● **WORK TO COMPLETE**: Restate word for word every line from the top of the data below down through the line that holds "obtain v w \<delta>".

● **RECORDS SUPPLIED**:
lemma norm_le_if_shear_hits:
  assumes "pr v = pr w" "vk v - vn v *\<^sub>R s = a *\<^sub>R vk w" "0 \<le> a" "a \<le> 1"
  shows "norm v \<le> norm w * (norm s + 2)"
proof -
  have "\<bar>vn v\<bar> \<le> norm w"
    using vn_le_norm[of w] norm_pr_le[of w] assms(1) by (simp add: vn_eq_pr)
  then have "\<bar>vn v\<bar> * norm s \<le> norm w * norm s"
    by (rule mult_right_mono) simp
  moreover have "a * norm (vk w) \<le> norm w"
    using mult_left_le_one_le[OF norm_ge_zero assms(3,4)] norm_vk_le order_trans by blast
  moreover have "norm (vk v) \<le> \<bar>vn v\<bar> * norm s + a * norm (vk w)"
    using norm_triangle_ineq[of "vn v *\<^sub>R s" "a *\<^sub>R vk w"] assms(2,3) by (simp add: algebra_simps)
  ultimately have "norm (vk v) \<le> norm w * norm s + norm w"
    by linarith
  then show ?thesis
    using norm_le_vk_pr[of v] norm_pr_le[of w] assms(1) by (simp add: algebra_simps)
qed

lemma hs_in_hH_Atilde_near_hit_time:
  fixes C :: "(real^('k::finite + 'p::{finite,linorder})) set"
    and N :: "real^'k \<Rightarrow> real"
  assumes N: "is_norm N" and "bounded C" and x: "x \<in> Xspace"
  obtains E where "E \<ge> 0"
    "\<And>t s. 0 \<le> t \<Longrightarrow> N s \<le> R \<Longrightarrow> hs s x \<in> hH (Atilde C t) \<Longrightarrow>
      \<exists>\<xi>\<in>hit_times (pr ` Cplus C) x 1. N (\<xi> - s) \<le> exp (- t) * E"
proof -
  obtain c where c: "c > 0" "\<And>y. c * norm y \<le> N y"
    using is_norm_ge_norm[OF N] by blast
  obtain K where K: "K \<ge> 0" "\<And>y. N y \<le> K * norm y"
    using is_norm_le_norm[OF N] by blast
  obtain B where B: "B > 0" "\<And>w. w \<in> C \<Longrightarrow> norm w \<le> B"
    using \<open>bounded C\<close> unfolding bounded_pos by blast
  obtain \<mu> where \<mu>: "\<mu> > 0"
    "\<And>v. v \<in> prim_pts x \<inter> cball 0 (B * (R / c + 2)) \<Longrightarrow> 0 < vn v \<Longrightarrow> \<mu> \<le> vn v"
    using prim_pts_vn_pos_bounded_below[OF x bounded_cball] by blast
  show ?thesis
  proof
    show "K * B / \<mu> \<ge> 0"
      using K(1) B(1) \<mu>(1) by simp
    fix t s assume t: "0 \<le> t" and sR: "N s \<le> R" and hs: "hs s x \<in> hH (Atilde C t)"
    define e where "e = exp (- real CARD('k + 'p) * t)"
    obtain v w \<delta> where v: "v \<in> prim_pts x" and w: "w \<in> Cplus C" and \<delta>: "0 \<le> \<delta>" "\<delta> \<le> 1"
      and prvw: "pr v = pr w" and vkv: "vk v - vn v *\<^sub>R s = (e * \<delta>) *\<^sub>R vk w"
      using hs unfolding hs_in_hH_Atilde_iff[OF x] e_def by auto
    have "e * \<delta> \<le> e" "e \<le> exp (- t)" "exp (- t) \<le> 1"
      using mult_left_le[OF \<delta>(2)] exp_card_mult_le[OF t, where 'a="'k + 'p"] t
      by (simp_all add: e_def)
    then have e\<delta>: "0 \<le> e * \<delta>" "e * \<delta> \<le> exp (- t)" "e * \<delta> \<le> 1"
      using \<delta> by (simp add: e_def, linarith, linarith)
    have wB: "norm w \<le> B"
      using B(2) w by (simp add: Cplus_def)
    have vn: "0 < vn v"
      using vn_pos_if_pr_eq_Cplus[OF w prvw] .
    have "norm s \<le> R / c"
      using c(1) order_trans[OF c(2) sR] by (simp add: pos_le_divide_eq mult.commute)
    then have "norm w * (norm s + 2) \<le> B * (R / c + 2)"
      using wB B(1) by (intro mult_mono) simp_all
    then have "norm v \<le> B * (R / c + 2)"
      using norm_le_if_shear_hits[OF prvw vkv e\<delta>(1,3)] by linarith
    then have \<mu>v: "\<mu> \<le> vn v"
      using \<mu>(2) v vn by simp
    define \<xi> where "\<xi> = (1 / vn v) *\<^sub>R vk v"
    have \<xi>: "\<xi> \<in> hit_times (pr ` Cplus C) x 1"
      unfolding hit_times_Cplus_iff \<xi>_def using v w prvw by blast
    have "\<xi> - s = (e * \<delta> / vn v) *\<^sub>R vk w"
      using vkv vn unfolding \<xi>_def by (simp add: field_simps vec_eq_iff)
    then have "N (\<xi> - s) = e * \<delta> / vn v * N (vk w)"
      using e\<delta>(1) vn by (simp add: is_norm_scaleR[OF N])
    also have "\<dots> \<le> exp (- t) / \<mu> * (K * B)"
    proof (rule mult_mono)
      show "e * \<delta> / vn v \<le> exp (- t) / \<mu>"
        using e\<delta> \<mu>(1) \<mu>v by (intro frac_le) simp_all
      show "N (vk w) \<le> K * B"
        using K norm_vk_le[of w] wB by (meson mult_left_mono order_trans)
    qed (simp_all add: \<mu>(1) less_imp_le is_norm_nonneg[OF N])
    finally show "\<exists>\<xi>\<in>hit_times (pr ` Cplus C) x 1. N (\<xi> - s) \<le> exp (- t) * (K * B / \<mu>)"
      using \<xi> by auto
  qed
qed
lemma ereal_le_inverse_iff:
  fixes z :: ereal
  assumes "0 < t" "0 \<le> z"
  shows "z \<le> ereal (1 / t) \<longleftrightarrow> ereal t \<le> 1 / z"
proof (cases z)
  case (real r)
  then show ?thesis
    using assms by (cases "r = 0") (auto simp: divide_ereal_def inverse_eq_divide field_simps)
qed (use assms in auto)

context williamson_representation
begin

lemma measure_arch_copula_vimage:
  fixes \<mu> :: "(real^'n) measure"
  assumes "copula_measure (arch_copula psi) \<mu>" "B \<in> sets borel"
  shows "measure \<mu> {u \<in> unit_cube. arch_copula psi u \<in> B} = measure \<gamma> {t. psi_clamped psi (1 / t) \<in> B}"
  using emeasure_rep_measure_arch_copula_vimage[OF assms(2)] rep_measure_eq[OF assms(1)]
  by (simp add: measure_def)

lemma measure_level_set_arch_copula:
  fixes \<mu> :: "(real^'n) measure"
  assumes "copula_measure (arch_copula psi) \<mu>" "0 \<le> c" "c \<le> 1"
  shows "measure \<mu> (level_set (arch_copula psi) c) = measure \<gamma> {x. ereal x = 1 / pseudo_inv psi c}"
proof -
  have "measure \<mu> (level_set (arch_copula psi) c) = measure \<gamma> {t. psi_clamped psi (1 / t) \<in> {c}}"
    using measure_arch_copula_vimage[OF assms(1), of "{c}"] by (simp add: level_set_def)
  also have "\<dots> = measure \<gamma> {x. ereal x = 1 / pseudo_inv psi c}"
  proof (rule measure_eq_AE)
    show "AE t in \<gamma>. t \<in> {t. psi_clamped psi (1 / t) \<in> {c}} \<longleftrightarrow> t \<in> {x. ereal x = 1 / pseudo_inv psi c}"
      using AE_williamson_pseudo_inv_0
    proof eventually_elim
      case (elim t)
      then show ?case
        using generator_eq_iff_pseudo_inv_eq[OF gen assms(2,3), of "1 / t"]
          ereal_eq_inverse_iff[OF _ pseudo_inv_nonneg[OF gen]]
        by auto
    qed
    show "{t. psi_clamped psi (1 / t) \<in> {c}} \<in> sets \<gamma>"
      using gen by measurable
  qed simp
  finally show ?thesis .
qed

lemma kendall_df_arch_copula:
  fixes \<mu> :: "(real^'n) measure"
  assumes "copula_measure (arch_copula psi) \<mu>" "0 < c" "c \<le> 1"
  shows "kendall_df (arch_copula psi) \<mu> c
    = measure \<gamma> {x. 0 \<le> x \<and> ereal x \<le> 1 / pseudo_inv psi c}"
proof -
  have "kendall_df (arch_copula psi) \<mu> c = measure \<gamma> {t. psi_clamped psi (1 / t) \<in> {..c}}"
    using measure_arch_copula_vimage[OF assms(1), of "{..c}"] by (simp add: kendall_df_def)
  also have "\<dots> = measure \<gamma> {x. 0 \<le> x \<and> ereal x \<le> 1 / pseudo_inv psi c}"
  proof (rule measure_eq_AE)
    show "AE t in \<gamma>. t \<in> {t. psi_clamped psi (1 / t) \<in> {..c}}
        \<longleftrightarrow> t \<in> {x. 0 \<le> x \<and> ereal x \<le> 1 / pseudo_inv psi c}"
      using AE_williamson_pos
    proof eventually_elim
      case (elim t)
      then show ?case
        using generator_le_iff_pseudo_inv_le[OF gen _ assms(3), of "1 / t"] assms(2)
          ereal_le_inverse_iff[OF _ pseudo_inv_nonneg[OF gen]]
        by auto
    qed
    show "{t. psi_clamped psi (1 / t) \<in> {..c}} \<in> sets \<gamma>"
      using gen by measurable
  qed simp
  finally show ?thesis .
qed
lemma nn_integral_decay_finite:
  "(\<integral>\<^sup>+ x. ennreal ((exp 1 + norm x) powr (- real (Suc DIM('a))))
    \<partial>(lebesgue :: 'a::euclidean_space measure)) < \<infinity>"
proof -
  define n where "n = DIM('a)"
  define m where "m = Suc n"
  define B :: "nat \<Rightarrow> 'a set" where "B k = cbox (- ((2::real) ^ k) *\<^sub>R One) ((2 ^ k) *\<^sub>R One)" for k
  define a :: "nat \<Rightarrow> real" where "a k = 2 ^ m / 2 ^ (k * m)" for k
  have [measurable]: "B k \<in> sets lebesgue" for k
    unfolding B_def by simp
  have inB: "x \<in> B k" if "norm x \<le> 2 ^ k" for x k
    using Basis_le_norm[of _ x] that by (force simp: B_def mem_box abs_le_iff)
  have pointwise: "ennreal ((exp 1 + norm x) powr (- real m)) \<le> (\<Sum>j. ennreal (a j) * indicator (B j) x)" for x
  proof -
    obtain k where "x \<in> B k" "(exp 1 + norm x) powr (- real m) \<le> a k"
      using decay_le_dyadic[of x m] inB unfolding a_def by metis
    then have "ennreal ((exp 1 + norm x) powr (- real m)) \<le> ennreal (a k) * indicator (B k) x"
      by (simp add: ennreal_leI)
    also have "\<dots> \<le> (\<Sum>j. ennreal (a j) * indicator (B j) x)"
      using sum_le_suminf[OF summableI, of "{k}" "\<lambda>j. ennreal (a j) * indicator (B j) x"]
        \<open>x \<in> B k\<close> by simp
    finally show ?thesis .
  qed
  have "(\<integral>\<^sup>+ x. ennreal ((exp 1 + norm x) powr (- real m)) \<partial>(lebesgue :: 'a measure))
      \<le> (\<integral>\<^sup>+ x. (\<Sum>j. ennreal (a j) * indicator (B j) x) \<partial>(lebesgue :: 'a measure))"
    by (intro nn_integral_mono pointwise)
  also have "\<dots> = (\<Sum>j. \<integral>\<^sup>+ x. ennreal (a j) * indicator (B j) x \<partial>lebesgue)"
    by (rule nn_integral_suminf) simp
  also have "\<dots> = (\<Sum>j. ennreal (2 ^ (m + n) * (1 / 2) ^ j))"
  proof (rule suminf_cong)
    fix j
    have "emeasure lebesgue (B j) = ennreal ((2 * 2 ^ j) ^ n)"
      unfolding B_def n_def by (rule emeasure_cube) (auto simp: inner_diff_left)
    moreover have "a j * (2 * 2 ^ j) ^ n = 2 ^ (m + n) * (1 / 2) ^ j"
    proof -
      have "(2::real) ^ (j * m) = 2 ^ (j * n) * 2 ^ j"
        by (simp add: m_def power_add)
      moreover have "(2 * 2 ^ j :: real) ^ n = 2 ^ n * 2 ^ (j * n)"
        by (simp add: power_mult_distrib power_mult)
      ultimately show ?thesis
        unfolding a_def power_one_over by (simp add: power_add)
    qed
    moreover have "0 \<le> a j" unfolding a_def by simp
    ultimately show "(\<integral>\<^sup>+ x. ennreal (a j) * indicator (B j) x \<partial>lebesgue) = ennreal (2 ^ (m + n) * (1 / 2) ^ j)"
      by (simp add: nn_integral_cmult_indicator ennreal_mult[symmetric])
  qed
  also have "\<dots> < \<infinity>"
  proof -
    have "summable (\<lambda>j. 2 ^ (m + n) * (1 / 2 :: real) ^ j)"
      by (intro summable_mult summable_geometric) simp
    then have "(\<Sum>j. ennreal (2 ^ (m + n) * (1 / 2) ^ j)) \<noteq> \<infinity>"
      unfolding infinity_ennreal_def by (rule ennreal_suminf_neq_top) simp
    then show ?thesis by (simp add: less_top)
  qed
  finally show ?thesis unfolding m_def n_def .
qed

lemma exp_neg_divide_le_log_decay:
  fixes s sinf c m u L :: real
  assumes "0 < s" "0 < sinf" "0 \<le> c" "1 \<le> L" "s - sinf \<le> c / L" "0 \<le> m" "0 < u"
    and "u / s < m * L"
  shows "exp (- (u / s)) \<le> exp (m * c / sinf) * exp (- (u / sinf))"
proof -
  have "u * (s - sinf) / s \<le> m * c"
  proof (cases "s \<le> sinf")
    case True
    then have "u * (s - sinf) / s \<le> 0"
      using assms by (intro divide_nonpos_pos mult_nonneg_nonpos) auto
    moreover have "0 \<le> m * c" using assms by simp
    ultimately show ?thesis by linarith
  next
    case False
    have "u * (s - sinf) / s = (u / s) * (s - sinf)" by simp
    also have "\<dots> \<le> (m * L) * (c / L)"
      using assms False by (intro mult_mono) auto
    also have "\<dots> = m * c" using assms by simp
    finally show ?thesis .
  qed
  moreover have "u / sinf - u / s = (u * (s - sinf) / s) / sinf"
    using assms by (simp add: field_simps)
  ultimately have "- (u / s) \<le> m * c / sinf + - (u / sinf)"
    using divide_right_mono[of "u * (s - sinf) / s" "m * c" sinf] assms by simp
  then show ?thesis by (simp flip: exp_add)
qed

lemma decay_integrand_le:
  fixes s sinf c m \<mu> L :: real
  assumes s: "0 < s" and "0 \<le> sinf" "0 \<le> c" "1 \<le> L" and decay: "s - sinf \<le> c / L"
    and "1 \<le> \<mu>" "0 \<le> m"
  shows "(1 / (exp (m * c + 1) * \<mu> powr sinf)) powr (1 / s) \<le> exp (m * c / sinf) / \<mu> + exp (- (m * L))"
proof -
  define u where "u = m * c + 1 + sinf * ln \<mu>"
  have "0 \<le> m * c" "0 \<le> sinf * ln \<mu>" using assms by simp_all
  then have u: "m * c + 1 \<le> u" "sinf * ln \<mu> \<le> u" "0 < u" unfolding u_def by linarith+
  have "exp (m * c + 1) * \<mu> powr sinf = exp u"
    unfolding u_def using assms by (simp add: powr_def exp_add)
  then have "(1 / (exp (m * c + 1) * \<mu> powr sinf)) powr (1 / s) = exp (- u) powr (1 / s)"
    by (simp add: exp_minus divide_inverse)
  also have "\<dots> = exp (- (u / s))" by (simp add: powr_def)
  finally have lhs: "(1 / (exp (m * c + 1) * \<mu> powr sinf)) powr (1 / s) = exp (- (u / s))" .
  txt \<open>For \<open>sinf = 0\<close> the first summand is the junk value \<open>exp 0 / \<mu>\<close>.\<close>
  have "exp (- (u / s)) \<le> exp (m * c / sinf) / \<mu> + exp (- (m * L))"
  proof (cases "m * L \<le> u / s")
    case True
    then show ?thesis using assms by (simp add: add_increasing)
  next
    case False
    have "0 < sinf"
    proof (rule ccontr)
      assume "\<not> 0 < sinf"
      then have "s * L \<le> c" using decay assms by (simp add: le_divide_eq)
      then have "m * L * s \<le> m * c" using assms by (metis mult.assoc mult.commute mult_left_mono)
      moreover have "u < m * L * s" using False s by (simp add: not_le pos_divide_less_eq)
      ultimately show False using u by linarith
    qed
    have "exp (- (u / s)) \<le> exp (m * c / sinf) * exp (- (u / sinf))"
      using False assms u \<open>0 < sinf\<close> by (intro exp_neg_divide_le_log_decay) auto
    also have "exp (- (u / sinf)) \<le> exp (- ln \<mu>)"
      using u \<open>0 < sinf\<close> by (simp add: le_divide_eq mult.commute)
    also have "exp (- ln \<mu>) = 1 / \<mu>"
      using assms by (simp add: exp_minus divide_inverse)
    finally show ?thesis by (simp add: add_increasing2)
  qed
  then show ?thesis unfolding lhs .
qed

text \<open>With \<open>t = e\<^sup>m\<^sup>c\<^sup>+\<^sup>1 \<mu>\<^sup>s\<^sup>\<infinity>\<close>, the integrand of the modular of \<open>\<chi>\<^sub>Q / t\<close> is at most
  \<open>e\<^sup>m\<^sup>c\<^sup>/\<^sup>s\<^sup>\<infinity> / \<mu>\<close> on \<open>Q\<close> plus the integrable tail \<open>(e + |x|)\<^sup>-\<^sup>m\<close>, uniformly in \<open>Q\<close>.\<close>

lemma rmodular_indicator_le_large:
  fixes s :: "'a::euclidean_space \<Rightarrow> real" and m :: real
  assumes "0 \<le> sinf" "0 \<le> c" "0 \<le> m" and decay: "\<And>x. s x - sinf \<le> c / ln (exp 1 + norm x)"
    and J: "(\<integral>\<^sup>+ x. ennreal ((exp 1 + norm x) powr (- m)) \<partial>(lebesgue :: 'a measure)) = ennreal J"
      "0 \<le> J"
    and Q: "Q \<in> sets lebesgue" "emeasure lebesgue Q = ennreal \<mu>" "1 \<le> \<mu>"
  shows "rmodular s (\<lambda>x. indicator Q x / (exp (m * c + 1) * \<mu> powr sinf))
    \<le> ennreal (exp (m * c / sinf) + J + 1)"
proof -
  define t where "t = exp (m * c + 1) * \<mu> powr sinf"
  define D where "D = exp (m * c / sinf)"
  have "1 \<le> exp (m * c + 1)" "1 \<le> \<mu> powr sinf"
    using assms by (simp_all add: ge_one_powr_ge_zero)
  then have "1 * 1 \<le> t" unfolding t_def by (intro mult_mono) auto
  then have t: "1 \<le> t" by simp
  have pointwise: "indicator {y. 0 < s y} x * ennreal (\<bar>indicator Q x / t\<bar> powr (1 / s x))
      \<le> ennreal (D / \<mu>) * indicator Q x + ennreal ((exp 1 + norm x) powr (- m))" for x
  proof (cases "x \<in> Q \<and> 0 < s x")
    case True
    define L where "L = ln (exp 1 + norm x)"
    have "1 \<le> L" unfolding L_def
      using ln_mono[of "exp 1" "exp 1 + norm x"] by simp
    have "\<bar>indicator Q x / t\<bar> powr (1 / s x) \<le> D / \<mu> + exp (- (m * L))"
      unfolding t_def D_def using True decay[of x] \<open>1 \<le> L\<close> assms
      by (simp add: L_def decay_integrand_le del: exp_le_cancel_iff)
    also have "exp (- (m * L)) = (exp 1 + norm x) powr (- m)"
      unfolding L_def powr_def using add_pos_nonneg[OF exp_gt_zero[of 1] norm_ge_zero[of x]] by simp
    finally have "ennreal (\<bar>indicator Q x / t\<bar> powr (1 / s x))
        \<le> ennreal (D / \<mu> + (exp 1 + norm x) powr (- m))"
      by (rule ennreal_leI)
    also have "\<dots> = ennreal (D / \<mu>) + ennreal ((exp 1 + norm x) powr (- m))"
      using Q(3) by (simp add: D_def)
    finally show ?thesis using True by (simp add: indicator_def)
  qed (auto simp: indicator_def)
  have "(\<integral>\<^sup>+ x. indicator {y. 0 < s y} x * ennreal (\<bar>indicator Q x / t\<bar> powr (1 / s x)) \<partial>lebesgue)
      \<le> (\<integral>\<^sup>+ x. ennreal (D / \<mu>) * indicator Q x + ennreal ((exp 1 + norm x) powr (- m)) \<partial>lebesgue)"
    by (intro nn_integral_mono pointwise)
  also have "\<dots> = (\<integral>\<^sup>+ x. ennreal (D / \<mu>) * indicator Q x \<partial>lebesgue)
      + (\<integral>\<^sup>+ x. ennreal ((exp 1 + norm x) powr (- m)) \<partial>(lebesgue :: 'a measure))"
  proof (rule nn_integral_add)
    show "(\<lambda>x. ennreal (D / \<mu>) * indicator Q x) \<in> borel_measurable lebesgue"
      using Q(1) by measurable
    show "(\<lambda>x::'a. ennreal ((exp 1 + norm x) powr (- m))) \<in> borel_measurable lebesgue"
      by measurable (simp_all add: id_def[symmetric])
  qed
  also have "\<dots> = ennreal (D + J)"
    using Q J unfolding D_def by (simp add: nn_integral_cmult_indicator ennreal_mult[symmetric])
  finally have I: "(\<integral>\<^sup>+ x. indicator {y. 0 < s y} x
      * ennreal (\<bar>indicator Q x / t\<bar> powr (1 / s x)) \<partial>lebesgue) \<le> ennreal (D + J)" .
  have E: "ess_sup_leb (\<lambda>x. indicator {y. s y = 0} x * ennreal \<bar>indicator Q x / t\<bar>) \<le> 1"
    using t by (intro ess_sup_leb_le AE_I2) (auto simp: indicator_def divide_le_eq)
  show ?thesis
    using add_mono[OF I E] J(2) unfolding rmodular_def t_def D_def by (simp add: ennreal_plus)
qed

● **WRITTEN RESPONSE**:
lemma norm_le_if_shear_hits:
  assumes "pr v = pr w" "vk v - vn v *\<^sub>R s = a *\<^sub>R vk w" "0 \<le> a" "a \<le> 1"
  shows "norm v \<le> norm w * (norm s + 2)"
proof -
  have "\<bar>vn v\<bar> \<le> norm w"
    using vn_le_norm[of w] norm_pr_le[of w] assms(1) by (simp add: vn_eq_pr)
  then have "\<bar>vn v\<bar> * norm s \<le> norm w * norm s"
    by (rule mult_right_mono) simp
  moreover have "a * norm (vk w) \<le> norm w"
    using mult_left_le_one_le[OF norm_ge_zero assms(3,4)] norm_vk_le order_trans by blast
  moreover have "norm (vk v) \<le> \<bar>vn v\<bar> * norm s + a * norm (vk w)"
    using norm_triangle_ineq[of "vn v *\<^sub>R s" "a *\<^sub>R vk w"] assms(2,3) by (simp add: algebra_simps)
  ultimately have "norm (vk v) \<le> norm w * norm s + norm w"
    by linarith
  then show ?thesis
    using norm_le_vk_pr[of v] norm_pr_le[of w] assms(1) by (simp add: algebra_simps)
qed

lemma hs_in_hH_Atilde_near_hit_time:
  fixes C :: "(real^('k::finite + 'p::{finite,linorder})) set"
    and N :: "real^'k \<Rightarrow> real"
  assumes N: "is_norm N" and "bounded C" and x: "x \<in> Xspace"
  obtains E where "E \<ge> 0"
    "\<And>t s. 0 \<le> t \<Longrightarrow> N s \<le> R \<Longrightarrow> hs s x \<in> hH (Atilde C t) \<Longrightarrow>
      \<exists>\<xi>\<in>hit_times (pr ` Cplus C) x 1. N (\<xi> - s) \<le> exp (- t) * E"
proof -
  obtain c where c: "c > 0" "\<And>y. c * norm y \<le> N y"
    using is_norm_ge_norm[OF N] by blast
  obtain K where K: "K \<ge> 0" "\<And>y. N y \<le> K * norm y"
    using is_norm_le_norm[OF N] by blast
  obtain B where B: "B > 0" "\<And>w. w \<in> C \<Longrightarrow> norm w \<le> B"
    using \<open>bounded C\<close> unfolding bounded_pos by blast
  obtain \<mu> where \<mu>: "\<mu> > 0"
    "\<And>v. v \<in> prim_pts x \<inter> cball 0 (B * (R / c + 2)) \<Longrightarrow> 0 < vn v \<Longrightarrow> \<mu> \<le> vn v"
    using prim_pts_vn_pos_bounded_below[OF x bounded_cball] by blast
  show ?thesis
  proof
    show "K * B / \<mu> \<ge> 0"
      using K(1) B(1) \<mu>(1) by simp
    fix t s assume t: "0 \<le> t" and sR: "N s \<le> R" and hs: "hs s x \<in> hH (Atilde C t)"
    define e where "e = exp (- real CARD('k + 'p) * t)"
    obtain v w \<delta> where v: "v \<in> prim_pts x" and w: "w \<in> Cplus C" and \<delta>: "0 \<le> \<delta>" "\<delta> \<le> 1"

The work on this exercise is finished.